# Me, Myself and I    (Images from my Webcam)



## eddyk (Nov 4, 2005)

Me, just various images i've taken of myself with my webcam over the last few months...


----------



## Corry (Nov 4, 2005)

In that first one....are you wearing a pink shirt with the collar popped?  
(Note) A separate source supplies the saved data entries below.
(* Let $\mathcal I=(\Omega,\mathbb P,\mathcal S,\mathcal T,Y)$ be an information structure satisfying rectangle substitutes, and let $\epsilon>0$. Consider the protocol in which Alice sends $\mu_\sigma$ rounded to the nearest multiple of $\epsilon$ and Bob sends $\mu_\tau$ rounded to the nearest multiple of $\epsilon$ (each message depending only on the sender's own signal), after which the protocol terminates. This protocol uses $O(\log(1/\epsilon))$ bits of communication, and at its end Alice and Bob $2\epsilon^2$-agree and are each $\epsilon^2$-accurate.
   Context: An information structure is a tuple $\mathcal I=(\Omega,\mathbb P,\mathcal S,\mathcal T,Y)$: a probability space, random variables $\sigma:\Omega\to\mathcal S$ (Alice's signal), $\tau:\Omega\to\mathcal T$ (Bob's signal), $Y:\Omega\to[0,1]$. Notation: $\mu_{\sigma\tau}=\mathbb E[Y\mid\sigma,\tau]$, $\mu_\sigma=\mathbb E[Y\mid\sigma]$, $\mu_\tau=\mathbb E[Y\mid\tau]$; for measurable $S,T$: $\mu_{\sigma T}=\mathbb E[Y\mid\sigma,\tau\in T]$, $\mu_{S\tau}=\mathbb E[Y\mid\sigma\in S,\tau]$, $\mu_{ST}=\mathbb E[Y\mid\sigma\in S,\tau\in T]$; $\mathbb E[\cdot\mid S,T]$ conditions on $\{\sigma\in S,\tau\in T\}$. In a communication protocol, at termination the set of signal pairs consistent with the transcript is a rectangle $S\times T$; Alice's final expectation is $a=\mu_{\sigma T}$ and Bob's is $b=\mu_{S\tau}$. They $\epsilon$-agree if $\frac14\mathbb E[(a-b)^2]\le\epsilon$. Alice is $\epsilon$-accurate if $\mathbb E[(\mu_{\sigma\tau}-a)^2]\le\epsilon$; likewise Bob with $b$. $\mathcal I$ satisfies rectangle substitutes if for all measurable $S\subseteq\mathcal S$, $T\subseteq\mathcal T$ with $\mathbb P(\sigma\in S,\tau\in T)>0$: $\mathbb E[(Y-\mu_{S\tau})^2\mid S,T]-\mathbb E[(Y-\mu_{\sigma\tau})^2\mid S,T]\le \mathbb E[(Y-\mu_{ST})^2\mid S,T]-\mathbb E[(Y-\mu_{\sigma T})^2\mid S,T]$. *)

theory Defs
  imports "HOL-Probability.Probability"
begin

definition gen1 :: "'w measure \<Rightarrow> ('w \<Rightarrow> 'a) \<Rightarrow> 'a measure \<Rightarrow> 'w measure" where
  "gen1 M f A = vimage_algebra (space M) f A"

definition gen2 :: "'w measure \<Rightarrow> ('w \<Rightarrow> 'a) \<Rightarrow> 'a measure \<Rightarrow> ('w \<Rightarrow> 'b) \<Rightarrow> 'b measure \<Rightarrow> 'w measure" where
  "gen2 M f A g B = vimage_algebra (space M) (\<lambda>w. (f w, g w)) (A \<Otimes>\<^sub>M B)"

definition condE :: "'w measure \<Rightarrow> 'w set \<Rightarrow> ('w \<Rightarrow> real) \<Rightarrow> real" where
  "condE M E f = (\<integral>w. indicator E w * f w \<partial>M) / measure M E"

definition info_structure ::
  "'w measure \<Rightarrow> 's measure \<Rightarrow> 't measure \<Rightarrow> ('w \<Rightarrow> 's) \<Rightarrow> ('w \<Rightarrow> 't) \<Rightarrow> ('w \<Rightarrow> real) \<Rightarrow> bool" where
  "info_structure M SS TT sig tau Y \<longleftrightarrow>
     prob_space M \<and> sig \<in> M \<rightarrow>\<^sub>M SS \<and> tau \<in> M \<rightarrow>\<^sub>M TT \<and> Y \<in> borel_measurable M \<and>
     (\<forall>w\<in>space M. 0 \<le> Y w \<and> Y w \<le> 1)"

definition mu_st where
  "mu_st M SS TT sig tau Y = real_cond_exp M (gen2 M sig SS tau TT) Y"

definition mu_s where
  "mu_s M SS sig Y = real_cond_exp M (gen1 M sig SS) Y"

definition mu_t where
  "mu_t M TT tau Y = real_cond_exp M (gen1 M tau TT) Y"

text \<open>For measurable S, T: mu_{sigma T} = E[Y | sigma, 1(tau in T)], which on the event
  {tau in T} is E[Y | sigma, tau in T]; similarly mu_{S tau}; mu_{ST} = E[Y | sigma in S, tau in T].\<close>
definition mu_sT where
  "mu_sT M SS sig tau Y T =
     real_cond_exp M (gen2 M sig SS (\<lambda>w. tau w \<in> T) (count_space UNIV)) Y"

definition mu_St where
  "mu_St M TT sig tau Y S =
     real_cond_exp M (gen2 M (\<lambda>w. sig w \<in> S) (count_space UNIV) tau TT) Y"

definition rect_event where
  "rect_event M sig tau S T = {w \<in> space M. sig w \<in> S \<and> tau w \<in> T}"

definition mu_ST where
  "mu_ST M sig tau Y S T = condE M (rect_event M sig tau S T) Y"

definition rectangle_substitutes ::
  "'w measure \<Rightarrow> 's measure \<Rightarrow> 't measure \<Rightarrow> ('w \<Rightarrow> 's) \<Rightarrow> ('w \<Rightarrow> 't) \<Rightarrow> ('w \<Rightarrow> real) \<Rightarrow> bool" where
  "rectangle_substitutes M SS TT sig tau Y \<longleftrightarrow>
     (\<forall>S \<in> sets SS. \<forall>T \<in> sets TT.
        measure M (rect_event M sig tau S T) > 0 \<longrightarrow>
          (let E = rect_event M sig tau S T in
             condE M E (\<lambda>w. (Y w - mu_St M TT sig tau Y S w)\<^sup>2)
             - condE M E (\<lambda>w. (Y w - mu_st M SS TT sig tau Y w)\<^sup>2)
           \<le> condE M E (\<lambda>w. (Y w - mu_ST M sig tau Y S T)\<^sup>2)
             - condE M E (\<lambda>w. (Y w - mu_sT M SS sig tau Y T w)\<^sup>2)))"

text \<open>The protocol: Alice sends mu_sigma rounded to the nearest multiple of eps,
  Bob sends mu_tau rounded likewise (each a function of the sender's own signal,
  being measurable w.r.t. the sender's sigma algebra); then it terminates.\<close>
definition round_to :: "real \<Rightarrow> real \<Rightarrow> real" where
  "round_to eps x = eps * of_int (round (x / eps))"

definition msgA where
  "msgA M SS sig Y eps = (\<lambda>w. round_to eps (mu_s M SS sig Y w))"

definition msgB where
  "msgB M TT tau Y eps = (\<lambda>w. round_to eps (mu_t M TT tau Y w))"

text \<open>Final expectations: Alice's a = mu_{sigma T} where T is the set of Bob's signals
  consistent with Bob's message, i.e. a = E[Y | sigma, Bob's message]; symmetrically b.\<close>
definition final_a where
  "final_a M SS TT sig tau Y eps =
     real_cond_exp M (gen2 M sig SS (msgB M TT tau Y eps) borel) Y"
lemma affine_plane_slice_unique:
  fixes B C :: "real^'k^'n"
  assumes "invertible (transpose C ** B)"
    and "x \<in> range (\<lambda>t. a + B *v t)" "x' \<in> range (\<lambda>t. a + B *v t)"
    and "transpose C *v x = transpose C *v x'"
  shows "x = x'"
proof -
  obtain t where x': "x' = x + B *v t"
    using assms(2,3) affine_plane_recenter by blast
  then have "(transpose C ** B) *v t = 0"
    using assms(4) by (simp add: matrix_vector_mul_assoc[symmetric] matrix_vector_right_distrib)
  then have "t = 0"
    using inj_matrix_vector_mult[OF assms(1)] by (metis injD matrix_vector_mult_0_right)
  then show ?thesis
    by (simp add: x')
qed

lemma continuous_affine_plane_slice:
  fixes B :: "real^'n \<Rightarrow> real^'k^'n" and C :: "real^'k^'n"
  assumes "continuous_on V B" "\<And>y. y \<in> V \<Longrightarrow> invertible (transpose C ** B y)"
  obtains w where "continuous_on V w"
    "\<And>y. y \<in> V \<Longrightarrow> w y \<in> range (\<lambda>t. y + B y *v t)"
    "\<And>y. y \<in> V \<Longrightarrow> transpose C *v w y = transpose C *v b"
proof
  define s where "s y = matrix_inv (transpose C ** B y) *v (transpose C *v (b - y))" for y
  show "continuous_on V (\<lambda>y. y + B y *v s y)"
    unfolding s_def by (intro continuous_intros continuous_on_matrix_inv_mult assms)
  show "y + B y *v s y \<in> range (\<lambda>t. y + B y *v t)" for y
    by blast
  fix y assume "y \<in> V"
  then have "transpose C *v (B y *v s y) = transpose C *v (b - y)"
    using matrix_inv_right[OF assms(2)[OF \<open>y \<in> V\<close>]] unfolding s_def
    by (simp only: matrix_vector_mul_assoc matrix_mul_assoc matrix_mul_lid)
  then show "transpose C *v (y + B y *v s y) = transpose C *v b"
    by (simp add: matrix_vector_right_distrib matrix_vector_mult_diff_distrib)
qed

lemma dim_kernel_transpose:
  fixes B :: "real^'k^'n"
  assumes "inj ((*v) B)"
  shows "dim {v. transpose B *v v = 0} = CARD('n) - CARD('k)"
proof -
  have kernel: "{v. transpose B *v v = 0} = {v \<in> UNIV. \<forall>x \<in> range ((*v) B). orthogonal x v}"
  proof (intro set_eqI iffI)
    fix v assume "v \<in> {v. transpose B *v v = 0}"
    then show "v \<in> {v \<in> UNIV. \<forall>x \<in> range ((*v) B). orthogonal x v}"
      using inner_transpose_mult[of _ B v] by (auto simp: orthogonal_def)
  next
    fix v assume "v \<in> {v \<in> UNIV. \<forall>x \<in> range ((*v) B). orthogonal x v}"
    then have "inner (transpose B *v v) (transpose B *v v) = 0"
      using inner_transpose_mult[of "transpose B *v v" B v] by (auto simp: orthogonal_def inner_commute)
    then show "v \<in> {v. transpose B *v v = 0}"
      by simp
  qed
  have "dim {v. transpose B *v v = 0} + dim (range ((*v) B)) = dim (UNIV :: (real^'n) set)"
    unfolding kernel
    by (rule dim_subspace_orthogonal_to_vectors)
       (auto simp: subspace_UNIV linear_subspace_image matrix_vector_mul_linear)
  moreover have "dim (range ((*v) B)) = CARD('k)"
    using rank_dim_range[of B] full_rank_injective[of B] assms by simp
  ultimately show ?thesis
    by simp
qed

definition fiber_foot :: "(real^'n \<Rightarrow> (real^'n) set \<times> 'b) \<Rightarrow> real^'n \<Rightarrow> real^'n" where
  "fiber_foot F x = closest_point (fst (F x)) 0"

context
  fixes F :: "real^'n \<Rightarrow> (real^'n) set \<times> (real^'k^'n) set"
  assumes fibration: "oriented_plane_fibration F"
begin

lemma in_own_fiber: "x \<in> fst (F x)"
  using fibration unfolding oriented_plane_fibration_def by blast

lemma fiber_eqI: "y \<in> fst (F x) \<Longrightarrow> F y = F x"
  using fibration unfolding oriented_plane_fibration_def by blast
lemma kerA_subset_int_span_markov_basis:
  assumes "markov_basis TYPE('k::field) m n A B"
  shows "kerA m n A \<subseteq> int_span B"
proof
  fix u assume u: "u \<in> kerA m n A"
  define m0 where "m0 = expo n (negp u)"
  define w :: "(nat \<Rightarrow>\<^sub>0 nat) \<Rightarrow> 'k" where
    "w l = (if exponent_vector l - exponent_vector m0 \<in> int_span B then 1 else 0)" for l
  have "binom n u \<in> ideal_gen ((binom n :: _ \<Rightarrow> 'k mpoly) ` B)"
    using assms u unfolding markov_basis_def toric_ideal_def
    by (metis image_eqI ideal_gen_superset)
  moreover have "w (l + expo n (posp d)) = w (l + expo n (negp d))" if "d \<in> B" for l d
  proof -
    have "\<forall>i\<ge>n. d i = 0"
      using assms that unfolding markov_basis_def kerA_def by blast
    then have "exponent_vector (l + expo n (posp d)) - exponent_vector m0
             = (exponent_vector (l + expo n (negp d)) - exponent_vector m0) + d"
      by (simp add: exponent_vector_add exponent_vector_expo_posp_negp diff_add_eq ac_simps)
    then show ?thesis
      by (simp only: w_def int_span_add_iff[OF that])
  qed
  ultimately have "coeff_pairing w (binom n u) = 0"
    by (intro coeff_pairing_ideal_gen_binomials) (auto simp: binom_def xmon_def)
  then have "w (expo n (posp u)) = w m0"
    by (simp add: binom_def xmon_def coeff_pairing_diff coeff_pairing_single m0_def)
  moreover have "exponent_vector (expo n (posp u)) - exponent_vector m0 = u"
    using u by (simp add: m0_def kerA_def exponent_vector_expo_posp_negp)
  ultimately show "u \<in> int_span B"
    by (simp add: w_def int_span.zero split: if_splits)
qed

lemma markov_basis_pair_lincomb:
  assumes "markov_basis TYPE('k::field) m n A {b, c}" "u \<in> kerA m n A"
  obtains \<alpha> \<beta> where "u = (\<lambda>i. \<alpha> * b i + \<beta> * c i)"
  using assms kerA_subset_int_span_markov_basis int_span_pair by blast
definition irr_components :: "nat \<Rightarrow> nat \<Rightarrow> nat list set \<Rightarrow> nat list set set" where
  "irr_components l n Y = (THE C. finite C \<and> (\<forall>Z\<in>C. irreducible_alg l n Z) \<and> \<Union>C = Y \<and>
      (\<forall>Z1\<in>C. \<forall>Z2\<in>C. Z1 \<noteq> Z2 \<longrightarrow> \<not> Z1 \<subseteq> Z2))"

definition Irr :: "nat \<Rightarrow> nat \<Rightarrow> nat list set \<Rightarrow> nat" where
  "Irr l n Y = card (irr_components l n Y)"

definition Eqn :: "nat \<Rightarrow> (nat set \<times> nat set) set" where
  "Eqn n = {(T, S). (T, S) \<in> alleqs n \<and> T \<union> S = {..<n}}"

end

theory Submission
  imports Defs "HOL-Combinatorics.Permutations" "HOL-Library.Product_Lexorder"
begin

text \<open>A rank function \<rho> on the variables determines the cone of points whose coordinates are
  ordered like \<rho>. Cones are algebraic, and irreducible as soon as they contain the generic point
  with coordinates \<rho> i + 1, which is where n \<le> l is needed. A point solves T = S with
  T \<union> S = X iff its least coordinate is attained in T \<inter> S, or attained both at some
  i \<in> T - S and at some j \<in> S - T. Hence the solution set is the union of the cones of the
  linear orders whose least element lies in T \<inter> S, and of the linear orders whose two least
  elements lie in T - S and S - T, with these two elements merged. Distinct such rank functions
  give incomparable cones, so these cones are the irreducible components, and there are
  |T \<inter> S| (n-1)! + |T - S| |S - T| (n-2)! of them. Encoding an equation by the word over
  {0, 1, 2} recording whether each variable lies in T only, S only, or both, the sum over all
  equations is n 3^(n-1) (n-1)! + n (n-1) 3^(n-2) (n-2)! = 4 n! 3^(n-2).\<close>

section \<open>Cones of rank functions\<close>

definition cone :: "nat \<Rightarrow> nat \<Rightarrow> (nat \<Rightarrow> nat) \<Rightarrow> nat list set" where
  "cone l n \<rho> = {P \<in> pts l n. \<forall>i<n. \<forall>j<n. \<rho> i \<le> \<rho> j \<longrightarrow> P ! i \<le> P ! j}"

definition generic_point :: "nat \<Rightarrow> (nat \<Rightarrow> nat) \<Rightarrow> nat list" where
  "generic_point n \<rho> = map (\<lambda>i. Suc (\<rho> i)) [0..<n]"

definition coarser :: "nat \<Rightarrow> (nat \<Rightarrow> nat) \<Rightarrow> (nat \<Rightarrow> nat) \<Rightarrow> bool" where
  "coarser n \<rho> \<rho>' \<longleftrightarrow> (\<forall>i<n. \<forall>j<n. \<rho>' i \<le> \<rho>' j \<longrightarrow> \<rho> i \<le> \<rho> j)"

lemma tval_eq_nth:
  assumes "finite T" "t \<in> T" "\<And>x. x \<in> T \<Longrightarrow> P ! t \<le> P ! x"
  shows "tval P T = P ! t"
  unfolding tval_def using assms by (intro Min_eqI) auto

lemma tval_cone:
  assumes "P \<in> cone l n \<rho>" "T \<subseteq> {..<n}" "t \<in> T" "\<And>x. x \<in> T \<Longrightarrow> \<rho> t \<le> \<rho> x"
  shows "tval P T = P ! t"
  using assms by (intro tval_eq_nth) (auto simp: cone_def intro: finite_subset)

lemma obtain_argmin:
  fixes \<rho> :: "'a \<Rightarrow> nat"
  assumes "T \<noteq> {}"
  obtains t where "t \<in> T" "\<And>x. x \<in> T \<Longrightarrow> \<rho> t \<le> \<rho> x"
  using ex_has_least_nat[of "\<lambda>x. x \<in> T" _ \<rho>] assms by blast

lemma algebraic_cone: "algebraic l n (cone l n \<rho>)"
proof -
  define Sys where "Sys = {({i}, {i, j}) | i j. i < n \<and> j < n \<and> \<rho> i \<le> \<rho> j}"
  have "tval P {i} = tval P {i, j} \<longleftrightarrow> P ! i \<le> P ! j" for P i j
    by (auto simp: tval_def min_def)
  then have "cone l n \<rho> = Vsys l n Sys"
    unfolding cone_def Vsys_def Sys_def by blast
  moreover have "Sys \<subseteq> alleqs n"
    by (auto simp: alleqs_def Sys_def)
  ultimately show ?thesis
    unfolding algebraic_def by blast
qed

lemma algebraic_subset_pts: "algebraic l n Y \<Longrightarrow> Y \<subseteq> pts l n"
  by (auto simp: algebraic_def Vsys_def)

lemma irreducible_algI_generic:
  assumes alg: "algebraic l n Y" and "g \<in> Y"
    and generic: "\<And>T S Q. (T, S) \<in> alleqs n \<Longrightarrow> tval g T = tval g S \<Longrightarrow> Q \<in> Y \<Longrightarrow> tval Q T = tval Q S"
  shows "irreducible_alg l n Y"
  unfolding irreducible_alg_def
proof (intro conjI allI impI alg)
  fix F assume F: "finite F \<and> (\<forall>Z\<in>F. algebraic l n Z) \<and> Y = \<Union>F"
  then obtain Z where Z: "Z \<in> F" "g \<in> Z"
    using \<open>g \<in> Y\<close> by auto
  then obtain Sys where Sys: "Sys \<subseteq> alleqs n" "Z = Vsys l n Sys"
    using F unfolding algebraic_def by auto
  have "Y \<subseteq> Z"
  proof
    fix Q assume "Q \<in> Y"
    have "tval Q T = tval Q S" if "(T, S) \<in> Sys" for T S
    proof (rule generic[OF _ _ \<open>Q \<in> Y\<close>])
      show "(T, S) \<in> alleqs n"
        using that Sys(1) by auto
      show "tval g T = tval g S"
        using \<open>g \<in> Z\<close> that unfolding Sys(2) Vsys_def by auto
    qed
    moreover have "Q \<in> pts l n"
      using algebraic_subset_pts[OF alg] \<open>Q \<in> Y\<close> by auto
    ultimately show "Q \<in> Z"
      unfolding Sys(2) Vsys_def by auto
  qed
  moreover have "Z \<subseteq> Y"
    using F Z(1) by auto
  ultimately show "Y \<in> F"
    using Z(1) by auto
qed

lemma generic_point_in_cone:
  assumes "\<forall>i<n. \<rho> i < l"
  shows "generic_point n \<rho> \<in> cone l n \<rho>"
proof -
  have "generic_point n \<rho> \<in> pts l n"
    using assms unfolding pts_def generic_point_def by (auto simp: Suc_le_eq)
  then show ?thesis
    by (simp add: cone_def generic_point_def)
qed

lemma irreducible_alg_cone:
  assumes "\<forall>i<n. \<rho> i < l"
  shows "irreducible_alg l n (cone l n \<rho>)"
proof (rule irreducible_algI_generic[OF algebraic_cone generic_point_in_cone[OF assms]])
  fix T S Q
  assume TS: "(T, S) \<in> alleqs n" and g: "tval (generic_point n \<rho>) T = tval (generic_point n \<rho>) S"
    and Q: "Q \<in> cone l n \<rho>"
  have sub: "T \<subseteq> {..<n}" "S \<subseteq> {..<n}" and ne: "T \<noteq> {}" "S \<noteq> {}"
    using TS by (auto simp: alleqs_def)
  obtain t where t: "t \<in> T" "\<And>x. x \<in> T \<Longrightarrow> \<rho> t \<le> \<rho> x"
    using obtain_argmin[OF ne(1)] by blast
  obtain s where s: "s \<in> S" "\<And>x. x \<in> S \<Longrightarrow> \<rho> s \<le> \<rho> x"
    using obtain_argmin[OF ne(2)] by blast
  have "t < n" "s < n"
    using t(1) s(1) sub by auto
  then have "\<rho> t = \<rho> s"
    using g tval_cone[OF generic_point_in_cone[OF assms] sub(1) t]
      tval_cone[OF generic_point_in_cone[OF assms] sub(2) s]
    by (simp add: generic_point_def)
  then have "Q ! t = Q ! s"
    using Q \<open>t < n\<close> \<open>s < n\<close> unfolding cone_def by (auto intro: order.antisym)
  then show "tval Q T = tval Q S"
    using tval_cone[OF Q sub(1) t] tval_cone[OF Q sub(2) s] by simp
qed

lemma cone_subset_cone_iff:
  assumes "\<forall>i<n. \<rho> i < l"
  shows "cone l n \<rho> \<subseteq> cone l n \<rho>' \<longleftrightarrow> coarser n \<rho> \<rho>'"
proof
  assume "cone l n \<rho> \<subseteq> cone l n \<rho>'"
  then have "generic_point n \<rho> \<in> cone l n \<rho>'"
    using generic_point_in_cone[OF assms] by blast
  then show "coarser n \<rho> \<rho>'"
    by (auto simp: coarser_def cone_def generic_point_def)
next
  assume "coarser n \<rho> \<rho>'"
  then show "cone l n \<rho> \<subseteq> cone l n \<rho>'"
    by (auto simp: coarser_def cone_def)
qed

section \<open>The components of a single equation\<close>

definition merge_bottom :: "(nat \<Rightarrow> nat) \<Rightarrow> nat \<Rightarrow> nat" where
  "merge_bottom p i = max (p i) 1"

lemma permutes_lessThan_less: "p permutes {..<n} \<Longrightarrow> i < n \<Longrightarrow> p i < n"
  using permutes_in_image by fastforce

lemma permutes_eq_iff: "p permutes S \<Longrightarrow> p a = p b \<longleftrightarrow> a = b"
  using permutes_inj by (metis injD)

lemma card_less_permutes:
  assumes p: "p permutes {..<n}" and "i < n"
  shows "card {j \<in> {..<n}. p j < p i} = p i"
proof -
  have "p ` {j \<in> {..<n}. p j < p i} = {..<p i}"
  proof
    show "{..<p i} \<subseteq> p ` {j \<in> {..<n}. p j < p i}"
    proof
      fix v assume v: "v \<in> {..<p i}"
      then have "v \<in> p ` {..<n}"
        using permutes_lessThan_less[OF p \<open>i < n\<close>] permutes_image[OF p] by auto
      then show "v \<in> p ` {j \<in> {..<n}. p j < p i}"
        using v by auto
    qed
  qed auto
  moreover have "inj_on p {j \<in> {..<n}. p j < p i}"
    using permutes_inj[OF p] by (auto intro: inj_on_subset)
  ultimately show ?thesis
    using card_image by fastforce
qed

text \<open>A permutation is the rank function of the linear order it induces, so two permutations
  inducing comparable orders coincide.\<close>
lemma permutes_eq_if_coarser:
  assumes p: "p permutes {..<n}" and q: "q permutes {..<n}" and "coarser n p q"
  shows "p = q"
proof -
  have le: "p i \<le> q i" if "i \<in> {..<n}" for i
  proof -
    have "{j \<in> {..<n}. p j < p i} \<subseteq> {j \<in> {..<n}. q j < q i}"
      using \<open>coarser n p q\<close> that unfolding coarser_def by (auto simp: not_less[symmetric])
    then have "card {j \<in> {..<n}. p j < p i} \<le> card {j \<in> {..<n}. q j < q i}"
      by (intro card_mono) auto
    then show ?thesis
      using card_less_permutes[OF p] card_less_permutes[OF q] that by simp
  qed
  have sums: "sum p {..<n} = sum q {..<n}"
    using sum.reindex_bij_betw[OF permutes_imp_bij[OF p], of id]
      sum.reindex_bij_betw[OF permutes_imp_bij[OF q], of id] by simp
  have "p i = q i" if "i < n" for i
    using sum_mono_inv[OF sums le, of i] that by simp
  moreover have "p i = q i" if "\<not> i < n" for i
    using permutes_not_in[OF p] permutes_not_in[OF q] that by auto
  ultimately show ?thesis
    by (metis ext)
qed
And you get bored easily, dontcha? 

Oh, and welcome to the forum


----------



## eddyk (Nov 4, 2005)

There are 4 pics of me in the same pink shirt with the collar popped 

And yes, I an very bored...most of the time.


----------



## LaFoto (Nov 4, 2005)

*I want that Hitler imitation out!*


----------



## eddyk (Nov 4, 2005)

Could of said it via PM ^^


It's gone now anyway.


----------



## terri (Nov 4, 2005)

eddyk said:
			
		

> Could of said it via PM ^^
> 
> 
> It's gone now anyway.


 Sometimes we choose to say things publicly so others may learn what's not tolerated, as well.  

Now you know.


----------



## eddyk (Nov 4, 2005)

Bah.


Embarassed me.


Could of said please aswell.


----------



## terri (Nov 4, 2005)

eddyk said:
			
		

> Bah.
> 
> 
> Embarassed me.
> ...


 Check your pm.


----------



## ShutteredEye (Nov 4, 2005)

eddyk said:
			
		

> Bah.
> 
> 
> Embarassed me.
> ...



Well, given she's from Germany, I imagine it's a bit of touchy subject, mmm?


----------



## LaFoto (Nov 5, 2005)

mountainlander said:
			
		

> Well, given she's from Germany, I imagine it's a bit of touchy subject, mmm?


 
Guess you are very right here, Robert.
Some things bring out immediate reactions in me.
No apologies.

But still friends, Eddy.
No worries.


----------



## jstuedle (Nov 6, 2005)

> Could of said please aswell.





> Well, given she's from Germany, I imagine it's a bit of touchy subject, mmm?


 
Some issues are of such a hot button topic, being polite is not an option. On the other hand, we all make mistakes.


----------